Note that in some cases if the PCIe link breaks to the host controller such as an IMX8M without a switch a re-scan is not possible.

Mini-PCIe Mechanical Specification

Gateworks SBCs adhere to the PCI Express Mini Card standard which uses a 52-pin edge connector. The majority of boards support full size cards which are 30mm x 50.95mm in size and 1.0mm thick. The Newport GW6903 supports half size cards which are 30mm x 26.8mm and 1.0mm thick. See the boards individual manuals for which type of signaling (PCIe, USB, SIM) is supported for each specific connector.

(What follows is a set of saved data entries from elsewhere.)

lemma grad_error_moment_le:
  assumes est: "symmetric_step_estimate p T L K" and K: "0 \<le> K" and p: "0 \<le> p"
    and est2: "symmetric_step_estimate (2 * p) T L K2" and K2: "0 \<le> K2"
    and n: "1 \<le> n" and km: "k < m" "m \<le> n"
  shows "Erad n (\<lambda>e. \<bar>grad_error n x k e m\<bar> powr p)
    \<le> exp (K * T) * ((L * (sqrt T + 1)) powr p + K * T * ((2 * L / \<delta>) powr p * (exp (K2 * T) * L powr (2 * p))))"
proof -
  define h where "h = T / n"
  have h: "0 < h"
    using T_pos n by (simp add: h_def)
  define X where "X e j = Xsch T b \<sigma> n 0 x e j" for e j
  define t where "t j = real (Suc j) * h" for j
  define \<sigma>0 where "\<sigma>0 e = \<sigma> (real (Suc k) * h) (X e k)" for e
  have \<sigma>0: "\<delta> \<le> \<sigma>0 e" for e
    using coefficient_bounds_on_grid(3)[of k] km by (simp add: \<sigma>0_def h_def)
  define Z where "Z e j = Dn T n (Suc k) (\<lambda>e'. X e' j) e" for e j
  define U where "U e j = X (e(Suc k := 1)) j" for e j
  define V where "V e j = X (e(Suc k := -1)) j" for e j
  define c where "c e j = dx b (t j) (X e j)" for e j
  define a where "a e j = dx \<sigma> (t j) (X e j)" for e j
  define Rb where "Rb e j = b (t j) (U e j) - b (t j) (V e j) - c e j * (U e j - V e j)" for e j
  define Rs where "Rs e j = \<sigma> (t j) (U e j) - \<sigma> (t j) (V e j) - a e j * (U e j - V e j)" for e j
  define \<alpha> where "\<alpha> e j = - Rb e j / (2 * h * \<sigma>0 e)" for e j
  define \<beta> where "\<beta> e j = - Rs e j / (2 * h * \<sigma>0 e)" for e j
  \<comment> \<open>the Taylor remainders are quadratic in the flipped difference \<open>2 sqrt h Z\<close>\<close>
  define d where "d e j = 2 * L / \<delta> * (Z e j)\<^sup>2" for e j
  define D where "D = (2 * L / \<delta>) powr p * (exp (K2 * T) * L powr (2 * p))"
  have "Erad n (\<lambda>e. \<bar>grad_error n x k e m\<bar> powr p)
      \<le> exp (K * T) * (Erad n (\<lambda>e. \<bar>grad_error n x k e (Suc k)\<bar> powr p) + K * T * D)"
  proof (rule Erad_linear_recursion_moment_le[where Z = "grad_error n x k" and c = c and a = a
        and \<alpha> = \<alpha> and \<beta> = \<beta> and d = d, OF est T_pos n K])
    show "0 \<le> D" "Suc k \<le> m" "m \<le> n"
      using km by (simp_all add: D_def)
    fix j assume j: "Suc k \<le> j" "j < n"
    show "grad_error n x k e (Suc j) = grad_error n x k e j * (1 + T / n * c e j + sqrt (T / n) * a e j * e (Suc j))
        + T / n * \<alpha> e j + sqrt (T / n) * \<beta> e j * e (Suc j)" for e
    proof -
      have "grad_error n x k e (Suc j) = grad_error n x k e j * (1 + h * c e j + sqrt h * a e j * e (Suc j))
          - (h * Rb e j + sqrt h * Rs e j * e (Suc j)) / (2 * h * \<sigma>0 e)"
        using grad_error_Suc[OF n j, of x e] unfolding Rb_def Rs_def c_def a_def t_def U_def V_def X_def \<sigma>0_def h_def .
      moreover have "h * \<alpha> e j + sqrt h * \<beta> e j * e (Suc j) = - (h * Rb e j + sqrt h * Rs e j * e (Suc j)) / (2 * h * \<sigma>0 e)"
        using \<sigma>0[of e] \<delta>_pos h by (simp add: \<alpha>_def \<beta>_def field_simps)
      ultimately show ?thesis
        unfolding h_def[symmetric] by linarith
    qed
    have "(e(Suc j := s))(Suc k := r) = (e(Suc k := r))(Suc j := s)" for e :: "nat \<Rightarrow> real" and s r
      using j by (simp add: fun_upd_twist)
    then show "flip_invariant (Suc j) (\<lambda>e. (grad_error n x k e j, c e j, a e j, \<alpha> e j, \<beta> e j, d e j))"
      using j by (simp add: flip_invariant_def grad_error_def Z_def \<sigma>0_def c_def a_def \<alpha>_def \<beta>_def Rb_def Rs_def d_def
          U_def V_def X_def Dn_eq Xsch_fun_upd_later gradX_fun_upd_later)
    show "\<bar>c e j\<bar> \<le> L \<and> \<bar>a e j\<bar> \<le> L \<and> \<bar>\<alpha> e j\<bar> \<le> d e j \<and> \<bar>\<beta> e j\<bar> \<le> d e j"
      if e: "e \<in> sign_vectors n" for e
    proof -
      have "Suc k \<in> {1..n}"
        using j by simp
      note R = flip_remainder_le[OF e this j(2) \<sigma>0[of e], of x]
      have "\<bar>\<alpha> e j\<bar> = \<bar>Rb e j\<bar> / (2 * h * \<sigma>0 e)" "\<bar>\<beta> e j\<bar> = \<bar>Rs e j\<bar> / (2 * h * \<sigma>0 e)"
        using h \<sigma>0[of e] \<delta>_pos by (simp_all add: \<alpha>_def \<beta>_def abs_divide)
      moreover have "\<bar>Rb e j\<bar> / (2 * h * \<sigma>0 e) \<le> d e j" "\<bar>Rs e j\<bar> / (2 * h * \<sigma>0 e) \<le> d e j"
        unfolding Rb_def Rs_def c_def a_def U_def V_def X_def Z_def t_def h_def d_def by (rule R(1), rule R(2))
      moreover have "\<bar>c e j\<bar> \<le> L" "\<bar>a e j\<bar> \<le> L"
        using coefficient_bounds_on_grid[OF j(2)] by (simp_all add: c_def a_def t_def h_def first_order_bounds_def)
      ultimately show ?thesis
        by simp
    qed
    show "Erad n (\<lambda>e. d e j powr p) \<le> D"
      unfolding d_def D_def Z_def X_def using j L_nonneg \<delta>_pos
      by (intro Dn_Xsch_square_moment_bound[OF est2 K2 p _ n]) auto
  qed
  also have "Erad n (\<lambda>e. \<bar>grad_error n x k e (Suc k)\<bar> powr p) \<le> (L * (sqrt T + 1)) powr p"
    using Erad_mono[of n "\<lambda>e. \<bar>grad_error n x k e (Suc k)\<bar> powr p" "\<lambda>_. (L * (sqrt T + 1)) powr p"]
      grad_error_at_flip[OF n km(1)[THEN order.strict_trans2, OF km(2)]] p
    by (simp add: Erad_const powr_mono2)
  finally show ?thesis
    by (simp add: D_def mult_left_mono)
qed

The below mechanical drawing is for the standard Mini-PCIe connector used on the Ventana/Newport/Venice boards. Note that other heights are available as special order (100 piece MOQ). Contact sales for available options. http://trac.gateworks.com/raw-attachment/wiki/minipciexpressmodules/minipcieconn.png

Mini-PCIe Screws

The hold down screws for the Mini-PCIe cards are pre-loaded into the standoffs on the board. If you need additional screws they can be purchased at McMaster? Carr.